Stored data:
* * * * *

(* Let $\ell \geq 2$ and $s \geq 1$ be integers, and let $p_n/q_n$ ($n \ge 0$) be the $n$th convergent of the regular continued fraction of $$s e^{1/(\ell s)} = [s, \ell - 1, 1, 2s-1, 3\ell - 1, 1, 2s-1, 5\ell - 1, 1, 2s-1, \dots, (2k-1)\ell - 1, 1, 2s-1, \dots].$$ Then $$\sum_{n \geq 0} \left|p_n - s e^{1/(\ell s)} q_n\right| = e^{1/(\ell s)} \sqrt{\frac{\pi s}{\ell}}\, \operatorname{erf}\!\left(1/\sqrt{\ell s}\right).$$ Moreover, let $s \geq 1$ be an integer and let $p_n^*/q_n^*$ ($n\ge 0$) be the $n$th convergent of the regular continued fraction of $$s e^{1/s} = [s+1, 2s-1, 2, 1, 2s-1, 4, 1, \dots, 2s-1, 2k, 1, \dots].$$ Then $$\sum_{n \geq 0} \left|p_n^* - s e^{1/s} q_n^*\right| = e^{1/s} \sqrt{\pi s}\, \operatorname{erf}\!\left(1/\sqrt{s}\right) + s\left(1-e^{1/s}\right) - 1.$$
   Context: The error function is $\operatorname{erf}(x) = \frac{2}{\sqrt{\pi}}\int_0^x e^{-t^2}\,dt$. For a real number $\alpha$ with regular continued fraction $[a_0,a_1,a_2,\dots]$, the $n$th convergent is $p_n/q_n = [a_0,\dots,a_n]$ in lowest terms, with $q_n>0$ (equivalently $p_{-1}=1,q_{-1}=0,p_0=a_0,q_0=1$, $p_n=a_np_{n-1}+p_{n-2}$, $q_n=a_nq_{n-1}+q_{n-2}$). *)

theory Defs
  imports "HOL-Analysis.Analysis"
begin

definition erf :: "real \<Rightarrow> real" where
  "erf x = 2 / sqrt pi * integral {0..x} (\<lambda>t. exp (- (t ^ 2)))"

fun cf_rem :: "real \<Rightarrow> nat \<Rightarrow> real" where
  "cf_rem \<alpha> 0 = \<alpha>"
| "cf_rem \<alpha> (Suc n) = 1 / frac (cf_rem \<alpha> n)"

definition cf_a :: "real \<Rightarrow> nat \<Rightarrow> int" where
  "cf_a \<alpha> n = \<lfloor>cf_rem \<alpha> n\<rfloor>"

text \<open>Convergent numerators p_n and denominators q_n
  (p_{-1}=1, q_{-1}=0, p_0=a_0, q_0=1, standard recurrences).\<close>
fun cf_p :: "real \<Rightarrow> nat \<Rightarrow> int" where
  "cf_p \<alpha> 0 = cf_a \<alpha> 0"
| "cf_p \<alpha> (Suc 0) = cf_a \<alpha> 1 * cf_a \<alpha> 0 + 1"
| "cf_p \<alpha> (Suc (Suc n)) = cf_a \<alpha> (n + 2) * cf_p \<alpha> (n + 1) + cf_p \<alpha> n"

fun cf_q :: "real \<Rightarrow> nat \<Rightarrow> int" where
  "cf_q \<alpha> 0 = 1"
| "cf_q \<alpha> (Suc 0) = cf_a \<alpha> 1"
| "cf_q \<alpha> (Suc (Suc n)) = cf_a \<alpha> (n + 2) * cf_q \<alpha> (n + 1) + cf_q \<alpha> n"

end

theory Submission
  imports Defs
begin

(* Put t = 1/(l s) and E k = t^k/k! * I(k,k), G k = t^(k+1)/k! * I(k,k+1), where
   I(a,b) is the integral of x^a (1-x)^b e^(tx) over [0,1]. Integration by parts gives
   E (k+1) = E k - 2 l s G k and G (k+1) = (2k+3) E (k+1) - G k, which are exactly the
   recurrences p_n - alpha q_n obeys for the claimed partial quotients, with errors
   -+E k / l, +-(E k / l - G k), -+G k in the three positions of the k-th period.
   Positivity of the integrals shows that these errors alternate in sign and decrease in
   absolute value, so the floor algorithm really produces these partial quotients.
   One period contributes 2 E k / l to the sum of absolute errors, and summing the
   exponential series under the integral turns the sum of the E k into the integral of
   e^(t x (1 - x)) e^(t x), which the substitution u = sqrt t (1 - x) makes an erf value.
   For s e^(1/s) the errors are those of the case l = 1 shifted by two places. *)

lemma has_integral_of_real_derivative:
  fixes a b :: real
  assumes "a \<le> b" and "\<And>x. x \<in> {a..b} \<Longrightarrow> (F has_real_derivative f x) (at x)"
  shows "(f has_integral (F b - F a)) {a..b}"
  using assms by (intro fundamental_theorem_of_calculus)
    (auto intro: has_field_derivative_at_within
          simp: has_real_derivative_iff_has_vector_derivative[symmetric])

lemma sums_ungroup_nonneg:
  fixes f :: "nat \<Rightarrow> real"
  assumes "\<And>n. f n \<ge> 0" and "k > 0" and "(\<lambda>n. sum f {n * k..<n * k + k}) sums S"
  shows "f sums S"
proof -
  have partial_sums_bounded: "sum f {..n} \<le> S" for n
  proof -
    have "Suc n \<le> Suc n * k" using mult_le_mono2[of 1 k "Suc n"] \<open>k > 0\<close> by simp
    then have "sum f {..n} \<le> sum f {..<Suc n * k}"
      using assms(1) by (intro sum_mono2) auto
    also have "\<dots> = (\<Sum>m<Suc n. sum f {m * k..<m * k + k})"
      by (rule sum.nat_group[symmetric])
    also have "\<dots> \<le> S"
      using assms sum_le_suminf[of "\<lambda>m. sum f {m * k..<m * k + k}" "{..<Suc n}"]
      by (auto simp: sums_iff intro: sum_nonneg)
    finally show ?thesis .
  qed
  have "summable f"
    using assms(1) partial_sums_bounded by (rule bounded_imp_summable)
  then have "(\<lambda>n. sum f {n * k..<n * k + k}) sums suminf f"
    using \<open>k > 0\<close> by (intro sums_group) auto
  then have "suminf f = S"
    using assms(3) sums_unique2 by blast
  with \<open>summable f\<close> show ?thesis by (simp add: sums_iff)
qed

lemma div_mod_3:
  "Suc (3*k) div 3 = k" "Suc (3*k) mod 3 = 1" "Suc (Suc (3*k)) div 3 = k" "Suc (Suc (3*k)) mod 3 = 2"
  "Suc (Suc (Suc (3*k))) div 3 = Suc k" "Suc (Suc (Suc (3*k))) mod 3 = 0"
  by presburger+

lemma nat_cases_mod_3:
  fixes m :: nat
  obtains k where "m = 3*k" | k where "m = 3*k+1" | k where "m = 3*k+2"
proof -
  have "m = 3 * (m div 3) \<or> m = 3 * (m div 3) + 1 \<or> m = 3 * (m div 3) + 2"
    by presburger
  then show ?thesis
    using that by blast
qed

section \<open>The integrals of x^a (1-x)^b e^(tx) over the unit interval\<close>

definition beta_exp_integral :: "real \<Rightarrow> nat \<Rightarrow> nat \<Rightarrow> real" where
  "beta_exp_integral t a b = integral {0..1} (\<lambda>x. x^a * (1-x)^b * exp (t*x))"

lemma has_integral_beta_exp_integral:
  "((\<lambda>x. x^a * (1-x)^b * exp (t*x)) has_integral beta_exp_integral t a b) {0..1}"
  unfolding beta_exp_integral_def
  by (intro integrable_integral integrable_continuous_real continuous_intros)

lemma beta_exp_integral_pos: "beta_exp_integral t a b > 0"
proof -
  let ?f = "\<lambda>x::real. x^a * (1-x)^b * exp (t*x)"
  have "beta_exp_integral t a b \<ge> 0"
    by (rule has_integral_nonneg[OF has_integral_beta_exp_integral]) auto
  moreover have "beta_exp_integral t a b \<noteq> 0"
  proof
    assume "beta_exp_integral t a b = 0"
    then have "(?f has_integral 0) (cbox 0 1)"
      using has_integral_beta_exp_integral[of a b t] by simp
    then have "?f (1/2) = 0"
      by (intro has_integral_0_cbox_imp_0[of 0 1 ?f]) (auto intro!: continuous_intros)
    then show False by simp
  qed
  ultimately show ?thesis by linarith
qed

lemma beta_exp_integral_split:
  "beta_exp_integral t a (Suc b) + beta_exp_integral t (Suc a) b = beta_exp_integral t a b"
proof -
  have "((\<lambda>x. x^a * (1-x)^Suc b * exp (t*x) + x^Suc a * (1-x)^b * exp (t*x)) has_integral
      (beta_exp_integral t a (Suc b) + beta_exp_integral t (Suc a) b)) {0..1}"
    by (intro has_integral_add has_integral_beta_exp_integral)
  moreover have "(\<lambda>x. x^a * (1-x)^Suc b * exp (t*x) + x^Suc a * (1-x)^b * exp (t*x))
      = (\<lambda>x. x^a * (1-x)^b * exp (t*x))"
    by (simp add: algebra_simps)
  ultimately show ?thesis
    using has_integral_beta_exp_integral[of a b t] has_integral_unique by metis
qed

* * * * *

Work to complete: Collect the lines of the data that carry the word "also".

Response to this exercise:
    also have "\<dots> = (\<Sum>m<Suc n. sum f {m * k..<m * k + k})"
    also have "\<dots> \<le> S"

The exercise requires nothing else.